> [WHAT YOU WILL DO] Check every line of the data for the string "reversed" and copy the ones that have it.

** DATA SUPPLIED follows **

lemma measure_gaussian_combination_le:
  fixes \<mu> :: "'i \<Rightarrow> real^'d" and w :: "'i \<Rightarrow> real"
  assumes "\<sigma> > 0" "\<delta> \<ge> 0" "finite I" "i0 \<in> I" "w i0 \<noteq> 0"
  defines "M \<equiv> PiM I (\<lambda>_. gaussian_vector \<sigma>)"
  shows "measure M {g \<in> space M. norm (\<Sum>i\<in>I. w i *\<^sub>R (\<mu> i + vec_lambda (g i))) \<le> \<delta>}
    \<le> (\<delta> / (\<bar>w i0\<bar> * \<sigma>)) ^ CARD('d)"
proof -
  interpret prob_space M
    unfolding M_def by (intro prob_space_PiM prob_space_gaussian_vector assms(1))
  define a where "a j = (\<Sum>i\<in>I. w i * \<mu> i $ j)" for j
  let ?B = "{g \<in> space M. \<forall>j. \<bar>a j + (\<Sum>i\<in>I. w i * g i j)\<bar> \<le> \<delta>}"
  have "{g \<in> space M. norm (\<Sum>i\<in>I. w i *\<^sub>R (\<mu> i + vec_lambda (g i))) \<le> \<delta>} \<subseteq> ?B"
  proof safe
    fix g j assume "norm (\<Sum>i\<in>I. w i *\<^sub>R (\<mu> i + vec_lambda (g i))) \<le> \<delta>"
    moreover have "\<bar>(\<Sum>i\<in>I. w i *\<^sub>R (\<mu> i + vec_lambda (g i))) $ j\<bar>
        \<le> norm (\<Sum>i\<in>I. w i *\<^sub>R (\<mu> i + vec_lambda (g i)))"
      by (rule component_le_norm_cart)
    ultimately show "\<bar>a j + (\<Sum>i\<in>I. w i * g i j)\<bar> \<le> \<delta>"
      by (simp add: a_def algebra_simps sum.distrib)
  qed
  moreover have "?B \<in> sets M"
    unfolding M_def using assms(3) by measurable
  ultimately have "measure M {g \<in> space M. norm (\<Sum>i\<in>I. w i *\<^sub>R (\<mu> i + vec_lambda (g i))) \<le> \<delta>}
      \<le> measure M ?B"
    by (intro finite_measure_mono)
  also have "\<dots> \<le> (\<delta> / (\<bar>w i0\<bar> * \<sigma>)) ^ CARD('d)"
    using emeasure_gaussian_combination_box_le[where a=a and w=w, OF assms(1-5)] assms(1,2)
    by (simp add: M_def emeasure_eq_measure[unfolded M_def] ennreal_le_iff)
  finally show ?thesis .
qed

lemma inverse_le_abs_if_mult_Ints:
  fixes x q :: real
  assumes "x * q \<in> \<int>" "q > 0" "x \<noteq> 0"
  shows "1 / q \<le> \<bar>x\<bar>"
proof -
  have "1 \<le> \<bar>x * q\<bar>"
    using assms by (intro Ints_nonzero_abs_ge1) auto
  then show ?thesis
    using assms(2) by (simp add: abs_mult field_simps)
qed

lemma measure_gaussian_combination_le_denom:
  fixes \<mu> :: "'i \<Rightarrow> real^'d" and w :: "'i \<Rightarrow> real"
  assumes "\<sigma> > 0" "\<delta> \<ge> 0" "finite I" "i0 \<in> I" "w i0 \<noteq> 0" "w i0 * q \<in> \<int>" "q > 0"
  defines "M \<equiv> PiM I (\<lambda>_. gaussian_vector \<sigma>)"
  shows "measure M {g \<in> space M. norm (\<Sum>i\<in>I. w i *\<^sub>R (\<mu> i + vec_lambda (g i))) \<le> \<delta>}
    \<le> (\<delta> / \<sigma>) ^ CARD('d) * q ^ CARD('d)"
proof -
  have "1 / q \<le> \<bar>w i0\<bar>"
    using assms(5-7) by (intro inverse_le_abs_if_mult_Ints)
  then have "1 / \<bar>w i0\<bar> \<le> q"
    using assms(5,7) by (simp add: field_simps)
  then have "\<delta> / \<sigma> * (1 / \<bar>w i0\<bar>) \<le> \<delta> / \<sigma> * q"
    using assms(1,2) by (intro mult_left_mono) auto
  then have "\<delta> / (\<bar>w i0\<bar> * \<sigma>) \<le> \<delta> / \<sigma> * q"
    by (simp add: mult.commute)
  then have "(\<delta> / (\<bar>w i0\<bar> * \<sigma>)) ^ CARD('d) \<le> (\<delta> / \<sigma>) ^ CARD('d) * q ^ CARD('d)"
    using assms(1,2) by (simp add: power_mono flip: power_mult_distrib)
  with measure_gaussian_combination_le[where w=w and \<mu>=\<mu>, OF assms(1-5)] show ?thesis
    unfolding M_def by linarith
qed

section \<open>Sparseness with respect to rational coefficient vectors\<close>

definition delta_sparse_for :: "real \<Rightarrow> nat \<Rightarrow> (nat \<Rightarrow> real) set \<Rightarrow> (nat \<Rightarrow> 'a::real_normed_vector) \<Rightarrow> bool" where
  "delta_sparse_for \<delta> n C x \<longleftrightarrow>
     (\<forall>c1\<in>C. \<forall>c2\<in>C. \<forall>c3\<in>C. \<forall>c4\<in>C.
        norm (lincomb n x c1 + lincomb n x c2 - lincomb n x c3 - lincomb n x c4) \<le> \<delta>
        \<longrightarrow> (\<lambda>i. c1 i + c2 i) = (\<lambda>i. c3 i + c4 i))"

lemma delta_sparse_eq_delta_sparse_for:
  "delta_sparse n d k \<delta> x = delta_sparse_for \<delta> n (Collect (is_key_value n d k)) x"
  by (auto simp: delta_sparse_def delta_sparse_for_def)

lemma lincomb_add: "lincomb n x c + lincomb n x c' = lincomb n x (\<lambda>i. c i + c' i)"
  by (simp add: lincomb_def scaleR_add_left sum.distrib)

lemma lincomb_diff: "lincomb n x c - lincomb n x c' = lincomb n x (\<lambda>i. c i - c' i)"
  by (simp add: lincomb_def scaleR_diff_left sum_subtractf)

lemma power4_sum:
  fixes f :: "'a \<Rightarrow> 'b::comm_semiring_1"
  shows "sum f A ^ 4 = (\<Sum>(a, b, c, d)\<in>A \<times> A \<times> A \<times> A. f a * f b * f c * f d)"
  by (simp add: sum.cartesian_product[symmetric] sum_product power4_eq_xxxx
      sum_distrib_left sum_distrib_right mult_ac)

definition quad_weight :: "('k \<Rightarrow> nat \<Rightarrow> real) \<Rightarrow> 'k \<times> 'k \<times> 'k \<times> 'k \<Rightarrow> nat \<Rightarrow> real" where
  "quad_weight c = (\<lambda>(p1, p2, p3, p4) i. c p1 i + c p2 i - c p3 i - c p4 i)"

lemma not_delta_sparse_for_iff:
  assumes "\<And>p i. p \<in> K \<Longrightarrow> n \<le> i \<Longrightarrow> c p i = 0"
  shows "\<not> delta_sparse_for \<delta> n (c ` K) x \<longleftrightarrow>
    (\<exists>P\<in>K \<times> K \<times> K \<times> K. (\<exists>i<n. quad_weight c P i \<noteq> 0) \<and> norm (\<Sum>i<n. quad_weight c P i *\<^sub>R x i) \<le> \<delta>)"
proof -
  have combination: "lincomb n x (c p1) + lincomb n x (c p2) - lincomb n x (c p3) - lincomb n x (c p4)
      = (\<Sum>i<n. quad_weight c (p1, p2, p3, p4) i *\<^sub>R x i)" for p1 p2 p3 p4
    unfolding lincomb_add lincomb_diff by (simp add: lincomb_def quad_weight_def)
  have different_sums: "(\<lambda>i. c p1 i + c p2 i) \<noteq> (\<lambda>i. c p3 i + c p4 i)
      \<longleftrightarrow> (\<exists>i<n. quad_weight c (p1, p2, p3, p4) i \<noteq> 0)"
    if "p1 \<in> K" "p2 \<in> K" "p3 \<in> K" "p4 \<in> K" for p1 p2 p3 p4
  proof
    assume "(\<lambda>i. c p1 i + c p2 i) \<noteq> (\<lambda>i. c p3 i + c p4 i)"
    then obtain i where i: "c p1 i + c p2 i \<noteq> c p3 i + c p4 i"
      by (auto simp: fun_eq_iff)
    then have "i < n"
      using assms that by (cases "i < n") auto
    with i show "\<exists>i<n. quad_weight c (p1, p2, p3, p4) i \<noteq> 0"
      by (auto simp: quad_weight_def)
  qed (force simp: quad_weight_def fun_eq_iff algebra_simps)
  show ?thesis
    unfolding delta_sparse_for_def by (auto simp: combination different_sums; blast)
qed

lemma Ints_diff_sum_mult_prod:
  fixes a1 a2 a3 a4 q1 q2 q3 q4 :: real
  assumes "a1 * q1 \<in> \<int>" "a2 * q2 \<in> \<int>" "a3 * q3 \<in> \<int>" "a4 * q4 \<in> \<int>"
    and "q1 \<in> \<int>" "q2 \<in> \<int>" "q3 \<in> \<int>" "q4 \<in> \<int>"
  shows "(a1 + a2 - a3 - a4) * (q1 * q2 * q3 * q4) \<in> \<int>"
proof -
  have "(a1 + a2 - a3 - a4) * (q1 * q2 * q3 * q4) = a1 * q1 * (q2 * q3 * q4) + a2 * q2 * (q1 * q3 * q4)
      - a3 * q3 * (q1 * q2 * q4) - a4 * q4 * (q1 * q2 * q3)"
    by (simp add: algebra_simps)
  also have "\<dots> \<in> \<int>"
    using assms by (meson Ints_add Ints_diff Ints_mult)
  finally show ?thesis .
qed

lemma measure_not_delta_sparse_for_le:
  fixes \<mu> :: "nat \<Rightarrow> real^'d" and c :: "'k \<Rightarrow> nat \<Rightarrow> real" and q :: "'k \<Rightarrow> nat"
  assumes "\<sigma> > 0" "\<delta> \<ge> 0" "finite K"
    and support: "\<And>p i. p \<in> K \<Longrightarrow> n \<le> i \<Longrightarrow> c p i = 0"
    and denom: "\<And>p i. p \<in> K \<Longrightarrow> c p i * q p \<in> \<int>" "\<And>p. p \<in> K \<Longrightarrow> q p \<ge> 1"
  defines "M \<equiv> PiM {..<n} (\<lambda>_. gaussian_vector \<sigma>)"
  defines "E \<equiv> {g \<in> space M. \<not> delta_sparse_for \<delta> n (c ` K) (\<lambda>i. \<mu> i + vec_lambda (g i))}"
  shows "E \<in> sets M \<and> measure M E \<le> (\<delta> / \<sigma>) ^ CARD('d) * (\<Sum>p\<in>K. real (q p) ^ CARD('d)) ^ 4"
proof -
  interpret prob_space M
    unfolding M_def by (intro prob_space_PiM prob_space_gaussian_vector assms(1))
  define Q where "Q = (\<lambda>(p1, p2, p3, p4). real (q p1) * real (q p2) * real (q p3) * real (q p4))"
  define T where "T = {P \<in> K \<times> K \<times> K \<times> K. \<exists>i<n. quad_weight c P i \<noteq> 0}"
  define A where
    "A P = {g \<in> space M. norm (\<Sum>i<n. quad_weight c P i *\<^sub>R (\<mu> i + vec_lambda (g i))) \<le> \<delta>}" for P
  have "finite T"
    using assms(3) by (simp add: T_def)
  have A_sets: "A P \<in> sets M" for P
    unfolding A_def M_def by (intro borel_measurable_le borel_measurable_norm_combination) auto
  have E_eq: "E = (\<Union>P\<in>T. A P)"
    unfolding E_def A_def T_def by (auto simp: not_delta_sparse_for_iff[OF support]; blast)
  have A_le: "measure M (A P) \<le> (\<delta> / \<sigma>) ^ CARD('d) * Q P ^ CARD('d)" if "P \<in> T" for P
  proof -
    obtain p1 p2 p3 p4 i0 where P: "P = (p1, p2, p3, p4)" "p1 \<in> K" "p2 \<in> K" "p3 \<in> K" "p4 \<in> K"
      and i0: "i0 < n" "quad_weight c P i0 \<noteq> 0"
      using \<open>P \<in> T\<close> by (auto simp: T_def)
    have "quad_weight c P i0 * Q P \<in> \<int>"
      unfolding P quad_weight_def Q_def
      by (simp add: Ints_diff_sum_mult_prod P denom(1))
    moreover have "Q P > 0"
      using P denom(2) by (simp add: Q_def Suc_le_eq)
    ultimately show ?thesis
      unfolding A_def M_def using assms(1,2) i0
      by (intro measure_gaussian_combination_le_denom) auto
  qed
  have "measure M E \<le> (\<Sum>P\<in>T. measure M (A P))"
    unfolding E_eq using A_sets \<open>finite T\<close> by (intro measure_UNION_le) auto
  also have "\<dots> \<le> (\<Sum>P\<in>T. (\<delta> / \<sigma>) ^ CARD('d) * Q P ^ CARD('d))"
    by (intro sum_mono A_le)
  also have "\<dots> \<le> (\<Sum>P\<in>K \<times> K \<times> K \<times> K. (\<delta> / \<sigma>) ^ CARD('d) * Q P ^ CARD('d))"
    using assms(1-3) by (intro sum_mono2) (auto simp: T_def Q_def)
  also have "\<dots> = (\<delta> / \<sigma>) ^ CARD('d) * (\<Sum>p\<in>K. real (q p) ^ CARD('d)) ^ 4"
    unfolding power4_sum sum_distrib_left by (simp add: Q_def case_prod_unfold power_mult_distrib)
  finally show ?thesis
    unfolding E_eq using A_sets \<open>finite T\<close> by auto
qed

section \<open>Counting key-values\<close>

lemma power_self_le_fact_squared: "m ^ m \<le> (fact m :: nat) ^ 2"
proof -
  have reversed: "(\<Prod>i\<in>{1..m}. i) = (\<Prod>i\<in>{1..m}. m + 1 - i)"
    by (rule prod.atLeastAtMost_rev)
  have "(fact m :: nat) ^ 2 = (\<Prod>i\<in>{1..m}. i) * (\<Prod>i\<in>{1..m}. m + 1 - i)"
    unfolding power2_eq_square fact_prod by (subst (2) reversed) simp
  also have "\<dots> = (\<Prod>i\<in>{1..m}. i * (m + 1 - i))"
    by (simp add: prod.distrib)
  also have "\<dots> \<ge> (\<Prod>i\<in>{1..m}. m)"
  proof (rule prod_mono)
    fix i assume "i \<in> {1..m}"
    then obtain a b where "i = Suc a" "m = i + b"
      by (metis atLeastAtMost_iff le_iff_add not0_implies_Suc not_one_le_zero)
    then show "0 \<le> m \<and> m \<le> i * (m + 1 - i)"
      by simp
  qed
  finally show ?thesis
    by simp
qed

lemma power_le_fact:
  assumes "2 * d + 2 \<le> m"
  shows "m ^ (d + 1) \<le> (fact m :: nat)"
proof -
  have "(m ^ (d + 1)) ^ 2 = m ^ ((d + 1) * 2)"
    by (rule power_mult[symmetric])
  also have "\<dots> \<le> m ^ m"
    using assms by (intro power_increasing) auto
  also have "\<dots> \<le> (fact m) ^ 2"
    by (rule power_self_le_fact_squared)
  finally show ?thesis
    by (rule power2_le_imp_le) simp
qed

lemma fact_le_fact_mult_power:
  assumes "j \<le> m"
  shows "(fact m :: nat) \<le> fact j * m ^ (m - j)"
  using assms
proof (induction m rule: dec_induct)
  case (step k)
  have "(fact (Suc k) :: nat) = Suc k * fact k"
    by simp
  also have "\<dots> \<le> Suc k * (fact j * k ^ (k - j))"
    using step.IH by (rule mult_le_mono2)
  also have "\<dots> \<le> Suc k * (fact j * Suc k ^ (k - j))"
    by (intro mult_le_mono2 power_mono) auto
  also have "\<dots> = fact j * Suc k ^ (Suc k - j)"
    using step.hyps by (simp add: Suc_diff_le algebra_simps)
  finally show ?case .
qed simp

** End of DATA SUPPLIED **

> [SOLUTION TO THE PROBLEM]
  have reversed: "(\<Prod>i\<in>{1..m}. i) = (\<Prod>i\<in>{1..m}. m + 1 - i)"
    unfolding power2_eq_square fact_prod by (subst (2) reversed) simp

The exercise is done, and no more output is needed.